Notes de travail et notules de lecture d'une pensée à l'oeuvre.

 

 

 

« L’homme doit consciemment devenir, pour contenir une multitude d’hommes. Cette dernière tâche, la plus difficile, formera son caractère, que la seule multiplicité mettait en péril. Au lieu de régner sur autrui, il règnera sur ses propres personnalités ; elles porteront des noms, il les connaîtra, il saura les commander. Son despotisme ne supportera plus d’étrangers, et, d’avoir recours à eux lui paraîtra méprisable, quand en en soi-même, il possèdera tant de possibles. » Canetti.

 

 

La pensée est mon objet de réflexion et subséquemment, de spéculation. Mon travail tend à représenter la pensée à elle-même. En projeter l’image et s’en faire le miroir.

La question de la « croyance » en toile de fond. Croyance en nos propres inventions que l’on ignore come telles. Autrement dit, pourquoi/comment oublie-t-on qu’elles le sont ?

La « croyance » en l’extériorité de nos inventions pourrait, à première vue, apparaître paradoxale, en ce sens que l’homme se renierait en tant qu’inventeur. Au regard de la suprématie de l’homme, plus exactement, celle en laquelle il veut justement nous faire croire, cela pourrait, en effet, sembler contradictoire.

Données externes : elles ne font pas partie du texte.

text \<open>Prolonging: for some initial state, termination is never reached with positive
  probability. Since 0 is absorbing, P(reach 0 by time k) = mpow k i 0, nondecreasing in k,
  and P(never reach 0) = 1 - sup_k mpow k i 0.\<close>
definition prolonging ::
  "nat \<Rightarrow> (nat \<Rightarrow> 'u set) \<Rightarrow> (nat \<Rightarrow> 'v set) \<Rightarrow> (nat \<Rightarrow> nat \<Rightarrow> 'u \<Rightarrow> 'v \<Rightarrow> real)
    \<Rightarrow> (nat \<Rightarrow> 'u pmf) \<Rightarrow> (nat \<Rightarrow> 'v pmf) \<Rightarrow> bool" where
  "prolonging n U V p \<mu> \<nu> \<longleftrightarrow>
     (\<exists>i\<in>{1..n}. (SUP k. mpow n (chain n U V p \<mu> \<nu>) k i 0) < 1)"

definition essentially_proper ::
  "nat \<Rightarrow> (nat \<Rightarrow> 'u set) \<Rightarrow> (nat \<Rightarrow> 'v set) \<Rightarrow> (nat \<Rightarrow> nat \<Rightarrow> 'u \<Rightarrow> 'v \<Rightarrow> real)
    \<Rightarrow> (nat \<Rightarrow> 'u \<Rightarrow> 'v \<Rightarrow> nat \<Rightarrow> real) \<Rightarrow> (nat \<Rightarrow> 'v pmf) \<Rightarrow> bool" where
  "essentially_proper n U V p g \<nu> \<longleftrightarrow>
     \<nu> \<in> Pi2 n V \<and>
     (\<exists>\<mu>\<in>Pi1 n U. \<not> prolonging n U V p \<mu> \<nu>) \<and>
     (\<forall>\<mu>\<in>Pi1 n U. prolonging n U V p \<mu> \<nu> \<longrightarrow>
        (\<exists>i\<in>{1..n}. Jcost n U V p g \<mu> \<nu> i = \<infinity>))"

Or, c’est précisément la mise à distance ; voire la négation de ses inventions qui assoit son autorité, lui fait croire en l’absoluité de sa pensée. L’homme a crée l’intelligence en s’imaginant rendre le monde intelligible (…)

 

  



Comment dire sans abdiquer les nuances ?

  

 

 


La nécessité du vide gravitant autour de quelques sens…

 

  

 



Comment a-ton pu penser qu’à force de penser, la pensée parviendrait à autre chose qu’elle-même ? Le première croyance de la pensée, c’est elle-même.

  

 

 

 

 

Synesthésie –  Fusion des sens. 20% des aveugles musiciens auraient l’oreille absolue contre 10% chez les voyants…

 

 

 

 



Breton «  J’ai été amené à faire valoir que l’écrivain, l’artiste surréaliste travaille non plus à la création d’un mythe personnel mais au mythe collectif  propre à notre époque (ceci en application du mot d’ordre de Lautréamont : « la poésie doit être faite par tous, non par un. »

 



Réponse à la question du petit Matis au Prieuré St Vincent à propos de Bricolage in cognito.

 

« -Pourquoi y-a-t-il des yeux à côté du cerveau ? »

 

« -Les yeux demandent au cerveau comment il voit le monde ? »

 

Le monde est-il à l’image de la représentation que s’en fait le cerveau ?

 

  

 

 

Théâtralité : exposition d’une représentation consciente d’elle-même.

 

  

 

 

 

Aragon : « La réalité est l’absence apparente de contradiction. Le merveilleux, c’est la contradiction qui apparaît dans le réel (…). Le fantastique, l’au-delà, le rêve, la survie, le paradis, l’enfer, la poésie, autant de mots pour signifier le concret. »

  

 

 


 Aphorisme surréaliste : « La beauté n’est pas l’objet de la création, elle en est la récompense. »

 

 

 

Propriété de la dialectique hégélienne selon laquelle l’absence de relation est encore une forme de relation.

  

 

 


Raoul Ubac : « La photographie peut être définie comme un stade de l’évolution de l’œil autant que comme une conquête de l’œil. »

 

  

 


L’art est la représentation mentale.

 

 

 

« On définit la modernité par l’humanisme, soit pour saluer la naissance de l’homme, soit pour annoncer se mort. » Bruno Latour.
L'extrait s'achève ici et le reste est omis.